Ugh, I hate this. My pills have stopped working but I don't know why. It's frustrating because it seems like every day I get more anxious. It's not the same as the depression, but there is that too. I don't even want to leave the house and everyone is judging me for it. My mom wants me to get a new job, my brother in law keeps phoning me for work and I know they're talking about me behind my back about it, my mom even said so.
I hate my phone. Every time it makes a single little sound I get this spike of panic. Someone wanting to talk, someone wanting me to work, someone wanting my attention when I'd rather just be alone and unbothered.

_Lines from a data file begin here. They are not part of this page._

lemma proper_cancellation_imp_bad_head:
  assumes "cyc_reduced u" and "proper_cancellation (transvection g p) u"
  shows "\<exists>j<length u. bad_head g p (rotate j u)"
proof -
  obtain i where i: "i < length u" and cancel: "cancel_at (transvection g p) u i"
    and nontrivial: "\<not> trivial_at (transvection g p) u i"
    using assms(2) by (auto simp: proper_cancellation_def)
  have "u ! (Suc i mod length u) \<noteq> inv_letter (u ! i)"
    using cyc_reduced_nth_Suc_mod[OF assms(1) i] .
  with cancel consider
      "u ! i = (g, True)" "u ! (Suc i mod length u) = (other g, \<not> p)"
    | "u ! i = (other g, p)" "u ! (Suc i mod length u) = (g, False)"
    using cancel_at_transvection_cases unfolding cancel_at_def by blast
  then show ?thesis
  proof cases
    case 1
    then have "bad_head g p (rotate (Suc i mod length u) u)"
      using trivial_at_of_not_bad_right[OF assms(1) i] nontrivial by (metis rotate_conv_mod)
    moreover have "Suc i mod length u < length u"
      using i by (cases u) auto
    ultimately show ?thesis
      by blast
  next
    case 2
    then show ?thesis
      using trivial_at_of_not_bad_left[OF assms(1) i] nontrivial i by blast
  qed
qed

lemma no_proper_cancellation_of_bad_count:
  "cyc_reduced u \<Longrightarrow> bad_count g p u = 0 \<Longrightarrow> \<not> proper_cancellation (transvection g p) u"
  using proper_cancellation_imp_bad_head by (fastforce simp: bad_count_eq_0_iff)

section \<open>Chains\<close>

lemma cyc_reduced_funpow_apply_aut: "cyc_reduced u \<Longrightarrow> cyc_reduced ((apply_aut \<alpha> ^^ n) u)"
  by (cases n) (simp_all add: cyc_reduced_apply_aut)

lemma cyc_reduced_chain: "cyc_reduced w \<Longrightarrow> cyc_reduced (chain a b l m k w)"
  by (induction k) (simp_all add: cyc_reduced_funpow_apply_aut)

lemma funpow_apply_aut_bound:
  assumes "cyc_reduced u" and "\<And>v. cyc_reduced v \<Longrightarrow> f (apply_aut \<alpha> v) \<le> f v - d"
  shows "f ((apply_aut \<alpha> ^^ n) u) \<le> f u - d * n"
proof (induction n)
  case (Suc n)
  have "f ((apply_aut \<alpha> ^^ Suc n) u) \<le> f ((apply_aut \<alpha> ^^ n) u) - d"
    using assms(2)[OF cyc_reduced_funpow_apply_aut[OF assms(1)]] by simp
  with Suc.IH show ?case
    by simp
qed simp

lemma chain_bound:
  assumes "cyc_reduced w"
    and a: "\<And>v. cyc_reduced v \<Longrightarrow> f (apply_aut a v) \<le> f v - da"
    and b: "\<And>v. cyc_reduced v \<Longrightarrow> f (apply_aut b v) \<le> f v - db"
  shows "f (chain a b l m k w) \<le> f w - (\<Sum>i=1..k. db * l i + da * m i)"
proof (induction k)
  case (Suc k)
  let ?c = "chain a b l m k w"
  have c: "cyc_reduced ?c"
    using assms(1) by (rule cyc_reduced_chain)
  then have "cyc_reduced ((apply_aut b ^^ l (Suc k)) ?c)"
    by (rule cyc_reduced_funpow_apply_aut)
  then have "f (chain a b l m (Suc k) w) \<le> f ((apply_aut b ^^ l (Suc k)) ?c) - da * m (Suc k)"
    using funpow_apply_aut_bound[of _ f a da] a by simp
  also have "\<dots> \<le> f ?c - db * l (Suc k) - da * m (Suc k)"
    using funpow_apply_aut_bound[where f = f and \<alpha> = b and d = db, OF c b] by (rule diff_le_mono)
  finally show ?case
    using Suc.IH by simp
qed simp

lemma no_proper_cancellation_chain:
  assumes "cyc_reduced w"
  shows "length w \<le> (\<Sum>i=1..k. l i) \<Longrightarrow>
      \<not> proper_cancellation (transvection X p) (chain (transvection Y p) (transvection X p) l m k w)"
    and "length w \<le> (\<Sum>i=1..k. m i) \<Longrightarrow>
      \<not> proper_cancellation (transvection Y p) (chain (transvection Y p) (transvection X p) l m k w)"
proof -
  let ?c = "chain (transvection Y p) (transvection X p) l m k w"
  have "bad_count X p ?c \<le> bad_count X p w - (\<Sum>i=1..k. 1 * l i + 0 * m i)"
    using bad_count_transvection_self[of _ X p] bad_count_transvection_other[of _ X p]
    by (intro chain_bound[OF assms]) simp_all
  moreover have "bad_count Y p ?c \<le> bad_count Y p w - (\<Sum>i=1..k. 0 * l i + 1 * m i)"
    using bad_count_transvection_self[of _ Y p] bad_count_transvection_other[of _ Y p]
    by (intro chain_bound[OF assms]) simp_all
  ultimately have "length w \<le> (\<Sum>i=1..k. l i) \<Longrightarrow> bad_count X p ?c = 0"
    and "length w \<le> (\<Sum>i=1..k. m i) \<Longrightarrow> bad_count Y p ?c = 0"
    using bad_count_le_length[of X p w] bad_count_le_length[of Y p w] by simp_all
  then show "length w \<le> (\<Sum>i=1..k. l i) \<Longrightarrow> \<not> proper_cancellation (transvection X p) ?c"
    and "length w \<le> (\<Sum>i=1..k. m i) \<Longrightarrow> \<not> proper_cancellation (transvection Y p) ?c"
    using no_proper_cancellation_of_bad_count[OF cyc_reduced_chain[OF assms]] by simp_all
qed

theorem lemma2p5:
  fixes w :: word and k :: nat and l m :: "nat \<Rightarrow> nat"
  assumes "cyc_reduced w"
  shows "(length w \<le> (\<Sum>i=1..k. l i) \<longrightarrow>
            \<not> proper_cancellation Sig (chain Tau Sig l m k w))
       \<and> (length w \<le> (\<Sum>i=1..k. m i) \<longrightarrow>
            \<not> proper_cancellation Tau (chain Tau Sig l m k w))
       \<and> (length w \<le> (\<Sum>i=1..k. l i) \<longrightarrow>
            \<not> proper_cancellation SigInv (chain TauInv SigInv l m k w))
       \<and> (length w \<le> (\<Sum>i=1..k. m i) \<longrightarrow>
            \<not> proper_cancellation TauInv (chain TauInv SigInv l m k w))"
  using no_proper_cancellation_chain[OF assms, where p = True] no_proper_cancellation_chain[OF assms, where p = False]
  by simp

end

I feel like somehow I've spun back into my sixteen year old self, only now I have so many other things to worry about.
I talked to my doctor about it, but he made it seem as if it's just grief. Maybe the depression is but this isn't. I'm scared, always, with so many people at each side asking something of me. Not working I think is the problem, but on the same hand I'm scared to work. I'm scared and unsure. Which direction do I take? Where do I want to be going? Should I quit my job and find another? Nothing pays me as well. But neither does not working so what does that matter? Why am I so scared?
Is it so wrong to want to stay where I'm comfortable and safe? No, of course not, I do need help I know, but it doesn't help that everyone makes me feel badly for it. Why aren't you talking to me? Why aren't you working? You should quit your job and get another. You should work for me. You should do this and that.
I think I will call the kennel back and tell them I'm interested in the job, in the end having steady is work is better than having no work at all, but I'm scared.